Segment Open
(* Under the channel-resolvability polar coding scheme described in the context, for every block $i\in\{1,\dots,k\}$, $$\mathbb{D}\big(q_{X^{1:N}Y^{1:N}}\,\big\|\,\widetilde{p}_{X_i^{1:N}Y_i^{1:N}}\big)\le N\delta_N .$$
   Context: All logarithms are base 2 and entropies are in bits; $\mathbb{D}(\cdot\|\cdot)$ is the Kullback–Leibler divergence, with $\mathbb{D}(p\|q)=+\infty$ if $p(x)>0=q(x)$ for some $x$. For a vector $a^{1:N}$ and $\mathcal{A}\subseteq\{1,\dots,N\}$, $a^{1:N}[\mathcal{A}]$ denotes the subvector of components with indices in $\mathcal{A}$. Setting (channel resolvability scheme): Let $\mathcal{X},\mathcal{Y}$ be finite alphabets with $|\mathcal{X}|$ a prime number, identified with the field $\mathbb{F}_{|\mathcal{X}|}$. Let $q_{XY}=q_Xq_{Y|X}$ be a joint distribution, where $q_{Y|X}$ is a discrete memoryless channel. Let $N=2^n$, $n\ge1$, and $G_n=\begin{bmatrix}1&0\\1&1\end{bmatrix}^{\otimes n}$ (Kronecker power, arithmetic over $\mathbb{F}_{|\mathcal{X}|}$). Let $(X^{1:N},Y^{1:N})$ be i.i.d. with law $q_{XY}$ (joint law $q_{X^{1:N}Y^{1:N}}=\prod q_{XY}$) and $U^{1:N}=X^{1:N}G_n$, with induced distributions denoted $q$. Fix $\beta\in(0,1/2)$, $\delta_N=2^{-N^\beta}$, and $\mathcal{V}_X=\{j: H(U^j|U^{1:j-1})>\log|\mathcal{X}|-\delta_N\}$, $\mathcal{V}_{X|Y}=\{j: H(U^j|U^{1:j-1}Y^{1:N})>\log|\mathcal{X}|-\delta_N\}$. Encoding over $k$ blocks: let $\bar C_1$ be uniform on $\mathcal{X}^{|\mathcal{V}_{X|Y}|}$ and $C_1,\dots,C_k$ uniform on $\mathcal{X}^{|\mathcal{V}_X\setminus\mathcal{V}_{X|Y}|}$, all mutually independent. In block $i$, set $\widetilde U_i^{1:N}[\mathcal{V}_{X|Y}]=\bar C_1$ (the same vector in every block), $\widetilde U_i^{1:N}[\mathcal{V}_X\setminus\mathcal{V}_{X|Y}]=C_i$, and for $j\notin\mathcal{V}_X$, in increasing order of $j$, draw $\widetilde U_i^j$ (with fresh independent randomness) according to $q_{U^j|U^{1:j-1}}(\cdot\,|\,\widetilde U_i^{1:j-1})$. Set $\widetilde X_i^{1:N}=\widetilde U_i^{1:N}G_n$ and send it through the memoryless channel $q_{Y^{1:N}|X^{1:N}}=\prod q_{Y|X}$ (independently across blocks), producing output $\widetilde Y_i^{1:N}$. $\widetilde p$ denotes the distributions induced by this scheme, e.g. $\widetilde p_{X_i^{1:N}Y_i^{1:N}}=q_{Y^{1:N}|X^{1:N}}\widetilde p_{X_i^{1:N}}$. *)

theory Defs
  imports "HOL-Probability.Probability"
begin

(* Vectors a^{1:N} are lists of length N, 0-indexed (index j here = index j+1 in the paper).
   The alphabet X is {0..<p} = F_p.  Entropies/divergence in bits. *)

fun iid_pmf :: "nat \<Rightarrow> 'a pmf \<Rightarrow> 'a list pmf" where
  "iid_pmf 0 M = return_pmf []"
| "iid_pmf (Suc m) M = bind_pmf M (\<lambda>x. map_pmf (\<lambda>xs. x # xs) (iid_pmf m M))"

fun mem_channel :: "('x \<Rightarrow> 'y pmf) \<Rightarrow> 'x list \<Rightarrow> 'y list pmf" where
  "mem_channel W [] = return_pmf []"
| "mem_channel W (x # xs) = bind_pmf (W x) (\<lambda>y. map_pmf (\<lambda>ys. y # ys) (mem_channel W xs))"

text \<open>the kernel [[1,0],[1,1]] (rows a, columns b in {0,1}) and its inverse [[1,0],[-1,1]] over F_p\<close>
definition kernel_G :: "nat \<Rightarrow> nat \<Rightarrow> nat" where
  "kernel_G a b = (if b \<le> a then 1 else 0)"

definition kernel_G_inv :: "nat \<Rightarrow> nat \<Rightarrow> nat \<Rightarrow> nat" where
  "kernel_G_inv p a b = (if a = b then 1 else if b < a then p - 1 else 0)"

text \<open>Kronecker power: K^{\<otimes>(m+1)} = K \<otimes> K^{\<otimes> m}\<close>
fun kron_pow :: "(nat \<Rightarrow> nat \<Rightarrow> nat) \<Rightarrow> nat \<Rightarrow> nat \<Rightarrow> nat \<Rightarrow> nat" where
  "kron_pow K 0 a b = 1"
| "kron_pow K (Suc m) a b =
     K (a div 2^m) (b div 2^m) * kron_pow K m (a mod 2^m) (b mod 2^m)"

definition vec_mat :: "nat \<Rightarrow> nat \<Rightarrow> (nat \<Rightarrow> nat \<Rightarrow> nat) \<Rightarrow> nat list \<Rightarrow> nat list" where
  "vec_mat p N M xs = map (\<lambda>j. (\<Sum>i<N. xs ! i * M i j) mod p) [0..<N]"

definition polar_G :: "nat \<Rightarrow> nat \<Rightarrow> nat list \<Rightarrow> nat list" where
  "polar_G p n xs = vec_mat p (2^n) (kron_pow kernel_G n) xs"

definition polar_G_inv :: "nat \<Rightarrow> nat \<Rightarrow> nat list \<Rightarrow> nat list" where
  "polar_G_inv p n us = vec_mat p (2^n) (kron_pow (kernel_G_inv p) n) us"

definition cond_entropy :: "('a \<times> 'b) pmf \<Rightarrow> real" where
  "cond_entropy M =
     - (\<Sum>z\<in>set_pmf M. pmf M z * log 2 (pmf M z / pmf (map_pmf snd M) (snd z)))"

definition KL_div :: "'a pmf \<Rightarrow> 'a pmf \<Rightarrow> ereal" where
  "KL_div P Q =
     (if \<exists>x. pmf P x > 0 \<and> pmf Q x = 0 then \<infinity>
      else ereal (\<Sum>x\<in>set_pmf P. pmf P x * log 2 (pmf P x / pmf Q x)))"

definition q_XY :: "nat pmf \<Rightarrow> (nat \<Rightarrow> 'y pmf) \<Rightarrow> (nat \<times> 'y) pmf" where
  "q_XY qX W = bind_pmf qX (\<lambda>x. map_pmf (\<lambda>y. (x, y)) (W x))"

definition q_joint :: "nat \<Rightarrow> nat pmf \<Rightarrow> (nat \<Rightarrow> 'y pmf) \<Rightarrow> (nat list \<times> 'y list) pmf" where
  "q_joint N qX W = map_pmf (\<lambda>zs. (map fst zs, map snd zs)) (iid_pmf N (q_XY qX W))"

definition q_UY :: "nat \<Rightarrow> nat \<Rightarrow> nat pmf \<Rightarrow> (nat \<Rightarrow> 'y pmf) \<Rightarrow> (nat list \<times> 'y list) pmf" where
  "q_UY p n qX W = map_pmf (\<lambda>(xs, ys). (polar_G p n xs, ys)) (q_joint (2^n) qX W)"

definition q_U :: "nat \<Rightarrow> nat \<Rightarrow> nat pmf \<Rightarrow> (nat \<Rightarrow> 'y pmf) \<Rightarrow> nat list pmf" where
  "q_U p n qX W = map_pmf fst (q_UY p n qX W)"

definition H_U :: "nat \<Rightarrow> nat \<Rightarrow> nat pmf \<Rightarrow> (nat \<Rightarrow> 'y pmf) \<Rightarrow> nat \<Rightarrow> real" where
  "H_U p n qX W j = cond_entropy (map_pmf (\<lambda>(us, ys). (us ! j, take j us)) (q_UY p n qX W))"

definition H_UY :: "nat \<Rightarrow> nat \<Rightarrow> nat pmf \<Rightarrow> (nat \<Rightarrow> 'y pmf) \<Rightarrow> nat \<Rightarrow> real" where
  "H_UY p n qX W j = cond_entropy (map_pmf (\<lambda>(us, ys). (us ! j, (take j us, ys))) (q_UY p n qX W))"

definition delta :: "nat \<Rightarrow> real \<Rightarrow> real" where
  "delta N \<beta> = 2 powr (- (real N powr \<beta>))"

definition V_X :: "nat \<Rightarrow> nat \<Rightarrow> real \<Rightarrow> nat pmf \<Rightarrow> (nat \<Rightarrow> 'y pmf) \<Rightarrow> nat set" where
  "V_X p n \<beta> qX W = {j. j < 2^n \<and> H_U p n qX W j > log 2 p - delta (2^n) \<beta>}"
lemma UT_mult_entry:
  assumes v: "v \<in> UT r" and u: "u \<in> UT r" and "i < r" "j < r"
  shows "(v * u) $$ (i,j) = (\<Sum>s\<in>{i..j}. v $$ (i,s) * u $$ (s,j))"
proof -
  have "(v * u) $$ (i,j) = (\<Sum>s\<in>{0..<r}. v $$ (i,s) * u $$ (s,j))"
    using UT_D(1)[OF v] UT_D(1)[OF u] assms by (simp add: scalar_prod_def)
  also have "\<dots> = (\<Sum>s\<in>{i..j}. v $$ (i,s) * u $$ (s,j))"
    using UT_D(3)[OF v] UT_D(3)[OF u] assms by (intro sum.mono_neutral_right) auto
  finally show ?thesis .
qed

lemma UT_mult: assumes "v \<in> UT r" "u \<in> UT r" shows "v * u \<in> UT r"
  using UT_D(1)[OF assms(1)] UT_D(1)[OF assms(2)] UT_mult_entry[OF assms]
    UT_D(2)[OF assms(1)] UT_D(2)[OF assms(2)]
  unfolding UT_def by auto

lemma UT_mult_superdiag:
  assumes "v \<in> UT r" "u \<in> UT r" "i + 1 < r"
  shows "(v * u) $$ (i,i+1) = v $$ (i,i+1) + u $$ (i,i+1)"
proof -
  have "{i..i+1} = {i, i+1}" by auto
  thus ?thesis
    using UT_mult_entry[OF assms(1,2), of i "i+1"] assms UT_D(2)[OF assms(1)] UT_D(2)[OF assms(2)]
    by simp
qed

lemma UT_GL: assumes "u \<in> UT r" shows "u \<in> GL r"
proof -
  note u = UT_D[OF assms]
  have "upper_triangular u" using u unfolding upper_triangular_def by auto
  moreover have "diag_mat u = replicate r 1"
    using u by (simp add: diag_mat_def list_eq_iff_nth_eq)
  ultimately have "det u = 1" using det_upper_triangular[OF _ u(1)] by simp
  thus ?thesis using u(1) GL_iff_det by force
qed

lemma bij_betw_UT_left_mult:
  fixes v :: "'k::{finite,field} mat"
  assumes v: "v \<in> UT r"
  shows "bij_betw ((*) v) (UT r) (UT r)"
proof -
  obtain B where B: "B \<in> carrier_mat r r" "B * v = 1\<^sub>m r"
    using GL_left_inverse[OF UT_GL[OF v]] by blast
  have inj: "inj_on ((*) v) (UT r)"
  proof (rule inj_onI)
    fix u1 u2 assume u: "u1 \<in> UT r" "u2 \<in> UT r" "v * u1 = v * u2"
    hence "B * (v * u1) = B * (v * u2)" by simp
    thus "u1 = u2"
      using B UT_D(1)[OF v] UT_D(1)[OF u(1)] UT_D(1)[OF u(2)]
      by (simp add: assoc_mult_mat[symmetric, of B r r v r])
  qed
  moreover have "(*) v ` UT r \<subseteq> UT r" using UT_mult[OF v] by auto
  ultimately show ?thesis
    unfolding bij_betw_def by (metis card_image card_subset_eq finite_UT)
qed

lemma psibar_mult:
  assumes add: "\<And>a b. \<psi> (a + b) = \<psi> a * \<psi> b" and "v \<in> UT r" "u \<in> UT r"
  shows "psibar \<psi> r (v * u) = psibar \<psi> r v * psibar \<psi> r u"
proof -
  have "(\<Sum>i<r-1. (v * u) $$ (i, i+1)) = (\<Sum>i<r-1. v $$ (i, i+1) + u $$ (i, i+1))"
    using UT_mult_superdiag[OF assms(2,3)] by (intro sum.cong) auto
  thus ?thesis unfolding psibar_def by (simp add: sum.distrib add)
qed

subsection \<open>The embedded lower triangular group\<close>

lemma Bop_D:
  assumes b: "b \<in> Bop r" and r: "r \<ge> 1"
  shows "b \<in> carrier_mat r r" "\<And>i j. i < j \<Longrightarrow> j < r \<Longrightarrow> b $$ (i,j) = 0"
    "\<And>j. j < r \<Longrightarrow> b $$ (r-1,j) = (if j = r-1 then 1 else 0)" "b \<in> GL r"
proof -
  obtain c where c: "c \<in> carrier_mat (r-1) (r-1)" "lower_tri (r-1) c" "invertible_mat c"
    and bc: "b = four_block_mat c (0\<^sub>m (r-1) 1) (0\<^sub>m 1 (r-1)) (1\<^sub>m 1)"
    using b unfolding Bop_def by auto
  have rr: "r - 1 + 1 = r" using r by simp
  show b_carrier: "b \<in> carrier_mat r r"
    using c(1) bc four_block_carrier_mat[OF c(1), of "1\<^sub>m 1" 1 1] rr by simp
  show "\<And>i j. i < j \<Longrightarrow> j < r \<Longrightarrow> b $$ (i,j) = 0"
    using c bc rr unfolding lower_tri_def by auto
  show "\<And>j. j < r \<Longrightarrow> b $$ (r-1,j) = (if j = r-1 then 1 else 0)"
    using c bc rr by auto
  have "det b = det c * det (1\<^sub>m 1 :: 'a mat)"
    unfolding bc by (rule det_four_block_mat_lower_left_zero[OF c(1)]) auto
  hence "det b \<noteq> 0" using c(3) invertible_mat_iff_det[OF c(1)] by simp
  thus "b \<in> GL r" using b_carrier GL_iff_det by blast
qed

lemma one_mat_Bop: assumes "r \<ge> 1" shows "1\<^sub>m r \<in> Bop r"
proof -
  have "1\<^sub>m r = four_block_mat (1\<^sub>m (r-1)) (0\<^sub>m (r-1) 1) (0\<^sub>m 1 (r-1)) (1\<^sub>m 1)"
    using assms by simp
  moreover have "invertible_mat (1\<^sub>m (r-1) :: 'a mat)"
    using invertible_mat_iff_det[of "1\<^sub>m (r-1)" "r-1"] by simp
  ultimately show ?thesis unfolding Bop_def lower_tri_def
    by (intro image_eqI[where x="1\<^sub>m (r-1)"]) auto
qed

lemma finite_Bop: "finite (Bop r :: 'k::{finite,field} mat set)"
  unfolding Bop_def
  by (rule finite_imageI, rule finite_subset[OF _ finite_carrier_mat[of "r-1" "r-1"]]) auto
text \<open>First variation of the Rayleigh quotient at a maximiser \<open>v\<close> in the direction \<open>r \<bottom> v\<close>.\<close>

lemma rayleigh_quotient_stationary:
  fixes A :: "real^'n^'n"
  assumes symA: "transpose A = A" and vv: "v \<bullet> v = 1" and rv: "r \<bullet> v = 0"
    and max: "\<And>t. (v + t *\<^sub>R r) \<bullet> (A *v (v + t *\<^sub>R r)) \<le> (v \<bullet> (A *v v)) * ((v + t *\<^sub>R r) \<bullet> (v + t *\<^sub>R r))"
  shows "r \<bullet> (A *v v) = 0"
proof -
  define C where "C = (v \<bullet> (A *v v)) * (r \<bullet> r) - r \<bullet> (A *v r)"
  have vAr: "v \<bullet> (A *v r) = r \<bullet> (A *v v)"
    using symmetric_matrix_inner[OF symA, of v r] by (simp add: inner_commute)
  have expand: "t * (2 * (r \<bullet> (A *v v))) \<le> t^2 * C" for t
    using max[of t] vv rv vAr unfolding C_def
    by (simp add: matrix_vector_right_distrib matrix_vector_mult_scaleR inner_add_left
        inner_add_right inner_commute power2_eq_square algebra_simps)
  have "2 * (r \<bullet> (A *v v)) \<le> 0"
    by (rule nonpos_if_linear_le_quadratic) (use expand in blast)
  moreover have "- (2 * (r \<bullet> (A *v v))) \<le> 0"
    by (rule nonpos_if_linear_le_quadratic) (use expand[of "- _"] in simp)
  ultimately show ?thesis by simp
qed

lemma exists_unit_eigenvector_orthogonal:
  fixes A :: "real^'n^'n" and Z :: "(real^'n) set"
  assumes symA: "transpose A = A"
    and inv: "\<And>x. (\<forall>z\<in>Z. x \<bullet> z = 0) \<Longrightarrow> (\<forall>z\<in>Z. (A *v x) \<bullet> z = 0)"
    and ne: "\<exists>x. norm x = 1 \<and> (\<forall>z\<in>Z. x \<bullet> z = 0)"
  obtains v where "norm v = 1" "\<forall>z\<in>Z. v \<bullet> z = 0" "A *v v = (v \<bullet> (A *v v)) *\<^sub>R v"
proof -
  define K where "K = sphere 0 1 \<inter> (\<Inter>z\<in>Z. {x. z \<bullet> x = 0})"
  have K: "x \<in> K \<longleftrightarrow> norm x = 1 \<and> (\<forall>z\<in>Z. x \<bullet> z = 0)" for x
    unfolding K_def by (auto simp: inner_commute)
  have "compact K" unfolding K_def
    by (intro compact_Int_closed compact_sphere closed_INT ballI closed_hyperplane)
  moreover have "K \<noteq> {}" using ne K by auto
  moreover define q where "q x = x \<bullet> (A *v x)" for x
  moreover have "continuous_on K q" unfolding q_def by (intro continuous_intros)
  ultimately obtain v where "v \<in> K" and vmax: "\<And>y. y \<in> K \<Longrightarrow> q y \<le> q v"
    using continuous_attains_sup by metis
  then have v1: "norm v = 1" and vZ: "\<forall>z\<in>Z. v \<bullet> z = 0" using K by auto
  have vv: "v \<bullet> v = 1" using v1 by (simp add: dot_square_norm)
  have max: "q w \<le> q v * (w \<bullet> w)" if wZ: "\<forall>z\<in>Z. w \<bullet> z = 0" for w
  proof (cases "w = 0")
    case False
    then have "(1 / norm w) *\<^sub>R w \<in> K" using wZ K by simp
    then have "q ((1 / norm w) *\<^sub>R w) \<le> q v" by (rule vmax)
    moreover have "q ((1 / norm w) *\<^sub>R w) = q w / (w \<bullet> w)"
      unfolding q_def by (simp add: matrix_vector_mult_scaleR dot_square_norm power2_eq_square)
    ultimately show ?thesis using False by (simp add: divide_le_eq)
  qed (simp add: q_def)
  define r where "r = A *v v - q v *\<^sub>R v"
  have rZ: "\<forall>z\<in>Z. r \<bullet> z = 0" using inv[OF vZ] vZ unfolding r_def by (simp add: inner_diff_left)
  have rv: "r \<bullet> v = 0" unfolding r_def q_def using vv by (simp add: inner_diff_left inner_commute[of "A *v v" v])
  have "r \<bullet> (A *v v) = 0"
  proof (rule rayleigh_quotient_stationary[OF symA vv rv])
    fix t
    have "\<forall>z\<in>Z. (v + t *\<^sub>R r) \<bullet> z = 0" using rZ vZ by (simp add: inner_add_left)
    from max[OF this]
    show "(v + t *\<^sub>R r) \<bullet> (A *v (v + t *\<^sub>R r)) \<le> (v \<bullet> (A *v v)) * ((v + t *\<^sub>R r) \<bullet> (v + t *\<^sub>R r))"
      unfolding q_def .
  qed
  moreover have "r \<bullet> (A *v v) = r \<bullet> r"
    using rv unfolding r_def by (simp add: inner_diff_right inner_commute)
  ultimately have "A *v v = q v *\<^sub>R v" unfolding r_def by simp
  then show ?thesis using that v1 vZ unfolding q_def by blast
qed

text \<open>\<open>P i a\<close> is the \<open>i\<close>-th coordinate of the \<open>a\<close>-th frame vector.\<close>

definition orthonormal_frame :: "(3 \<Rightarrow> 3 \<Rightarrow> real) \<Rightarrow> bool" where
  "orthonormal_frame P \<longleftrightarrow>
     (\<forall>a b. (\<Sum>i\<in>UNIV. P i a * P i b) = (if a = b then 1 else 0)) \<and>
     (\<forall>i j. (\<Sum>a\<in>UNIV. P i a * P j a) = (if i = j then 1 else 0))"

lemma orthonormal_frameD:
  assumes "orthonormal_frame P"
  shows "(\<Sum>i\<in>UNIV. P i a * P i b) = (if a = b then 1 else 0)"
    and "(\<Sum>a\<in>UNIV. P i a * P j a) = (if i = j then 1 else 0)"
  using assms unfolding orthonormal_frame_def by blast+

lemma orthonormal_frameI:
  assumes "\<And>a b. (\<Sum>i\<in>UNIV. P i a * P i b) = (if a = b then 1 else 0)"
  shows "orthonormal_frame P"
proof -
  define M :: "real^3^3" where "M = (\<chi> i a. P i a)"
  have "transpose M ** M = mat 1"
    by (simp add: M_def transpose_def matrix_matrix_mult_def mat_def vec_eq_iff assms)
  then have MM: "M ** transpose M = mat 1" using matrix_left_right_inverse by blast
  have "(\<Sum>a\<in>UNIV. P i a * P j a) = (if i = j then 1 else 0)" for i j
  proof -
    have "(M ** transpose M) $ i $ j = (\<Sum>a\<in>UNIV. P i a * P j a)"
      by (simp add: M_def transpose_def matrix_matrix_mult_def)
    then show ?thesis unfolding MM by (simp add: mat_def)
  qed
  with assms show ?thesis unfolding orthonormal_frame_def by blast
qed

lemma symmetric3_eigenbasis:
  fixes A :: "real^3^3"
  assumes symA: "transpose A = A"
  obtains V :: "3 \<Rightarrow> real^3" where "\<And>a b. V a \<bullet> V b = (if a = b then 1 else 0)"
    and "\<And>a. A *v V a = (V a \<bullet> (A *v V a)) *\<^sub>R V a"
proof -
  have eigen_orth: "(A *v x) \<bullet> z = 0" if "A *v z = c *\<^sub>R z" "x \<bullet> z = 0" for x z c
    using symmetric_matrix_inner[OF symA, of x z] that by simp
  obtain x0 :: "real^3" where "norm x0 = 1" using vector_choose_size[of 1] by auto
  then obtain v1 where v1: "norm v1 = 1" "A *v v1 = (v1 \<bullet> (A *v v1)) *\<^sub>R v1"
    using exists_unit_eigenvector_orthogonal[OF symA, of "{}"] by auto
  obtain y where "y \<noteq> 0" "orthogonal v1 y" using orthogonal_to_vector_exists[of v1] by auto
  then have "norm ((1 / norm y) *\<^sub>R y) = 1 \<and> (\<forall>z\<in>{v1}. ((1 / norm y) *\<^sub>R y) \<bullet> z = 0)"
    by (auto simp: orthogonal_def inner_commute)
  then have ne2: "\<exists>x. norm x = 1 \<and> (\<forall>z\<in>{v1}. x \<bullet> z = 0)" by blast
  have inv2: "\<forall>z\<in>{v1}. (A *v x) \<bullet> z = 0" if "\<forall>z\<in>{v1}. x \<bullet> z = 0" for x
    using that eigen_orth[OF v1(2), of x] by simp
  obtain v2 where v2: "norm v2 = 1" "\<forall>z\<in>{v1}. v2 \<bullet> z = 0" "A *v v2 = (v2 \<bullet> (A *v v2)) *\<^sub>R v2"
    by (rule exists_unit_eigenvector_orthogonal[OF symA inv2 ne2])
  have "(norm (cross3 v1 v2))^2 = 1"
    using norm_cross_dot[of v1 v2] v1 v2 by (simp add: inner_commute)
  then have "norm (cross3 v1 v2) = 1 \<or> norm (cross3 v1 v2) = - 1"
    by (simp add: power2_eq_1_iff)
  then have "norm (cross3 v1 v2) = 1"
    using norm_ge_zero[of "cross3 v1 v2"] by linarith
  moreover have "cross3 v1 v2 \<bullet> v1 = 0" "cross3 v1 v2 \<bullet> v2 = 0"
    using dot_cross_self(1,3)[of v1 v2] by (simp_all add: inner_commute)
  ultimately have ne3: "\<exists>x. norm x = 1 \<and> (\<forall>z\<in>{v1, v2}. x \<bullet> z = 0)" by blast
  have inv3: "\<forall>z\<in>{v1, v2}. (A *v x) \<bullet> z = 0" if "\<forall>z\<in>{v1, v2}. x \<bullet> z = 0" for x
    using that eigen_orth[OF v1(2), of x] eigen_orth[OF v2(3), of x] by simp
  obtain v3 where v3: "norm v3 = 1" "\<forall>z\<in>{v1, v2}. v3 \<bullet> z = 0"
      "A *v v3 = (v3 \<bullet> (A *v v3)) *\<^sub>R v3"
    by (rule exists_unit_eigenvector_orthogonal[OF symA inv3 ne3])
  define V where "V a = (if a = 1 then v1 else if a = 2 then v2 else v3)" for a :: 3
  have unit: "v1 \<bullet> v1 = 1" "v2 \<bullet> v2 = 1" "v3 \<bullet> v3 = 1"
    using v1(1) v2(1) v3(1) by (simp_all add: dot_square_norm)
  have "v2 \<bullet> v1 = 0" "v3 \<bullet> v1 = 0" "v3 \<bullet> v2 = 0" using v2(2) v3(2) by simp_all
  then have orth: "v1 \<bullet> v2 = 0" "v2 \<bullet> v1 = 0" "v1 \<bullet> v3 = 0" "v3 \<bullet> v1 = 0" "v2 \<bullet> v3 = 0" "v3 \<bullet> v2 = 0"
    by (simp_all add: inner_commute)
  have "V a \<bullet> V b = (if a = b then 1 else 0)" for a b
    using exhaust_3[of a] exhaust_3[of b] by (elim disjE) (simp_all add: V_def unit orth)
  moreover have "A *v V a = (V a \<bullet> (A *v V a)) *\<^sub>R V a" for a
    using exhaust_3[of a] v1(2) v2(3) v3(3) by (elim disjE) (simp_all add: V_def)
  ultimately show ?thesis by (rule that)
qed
Segment Closed
Please reproduce, exactly as they appear above, the lines from the line containing "(simp add: dot_square_norm)" up to and including the line containing "using rv unfolding".

  have vv: "v \<bullet> v = 1" using v1 by (simp add: dot_square_norm)
  have max: "q w \<le> q v * (w \<bullet> w)" if wZ: "\<forall>z\<in>Z. w \<bullet> z = 0" for w
  proof (cases "w = 0")
    case False
    then have "(1 / norm w) *\<^sub>R w \<in> K" using wZ K by simp
    then have "q ((1 / norm w) *\<^sub>R w) \<le> q v" by (rule vmax)
    moreover have "q ((1 / norm w) *\<^sub>R w) = q w / (w \<bullet> w)"
      unfolding q_def by (simp add: matrix_vector_mult_scaleR dot_square_norm power2_eq_square)
    ultimately show ?thesis using False by (simp add: divide_le_eq)
  qed (simp add: q_def)
  define r where "r = A *v v - q v *\<^sub>R v"
  have rZ: "\<forall>z\<in>Z. r \<bullet> z = 0" using inv[OF vZ] vZ unfolding r_def by (simp add: inner_diff_left)
  have rv: "r \<bullet> v = 0" unfolding r_def q_def using vv by (simp add: inner_diff_left inner_commute[of "A *v v" v])
  have "r \<bullet> (A *v v) = 0"
  proof (rule rayleigh_quotient_stationary[OF symA vv rv])
    fix t
    have "\<forall>z\<in>Z. (v + t *\<^sub>R r) \<bullet> z = 0" using rZ vZ by (simp add: inner_add_left)
    from max[OF this]
    show "(v + t *\<^sub>R r) \<bullet> (A *v (v + t *\<^sub>R r)) \<le> (v \<bullet> (A *v v)) * ((v + t *\<^sub>R r) \<bullet> (v + t *\<^sub>R r))"
      unfolding q_def .
  qed
  moreover have "r \<bullet> (A *v v) = r \<bullet> r"
    using rv unfolding r_def by (simp add: inner_diff_right inner_commute)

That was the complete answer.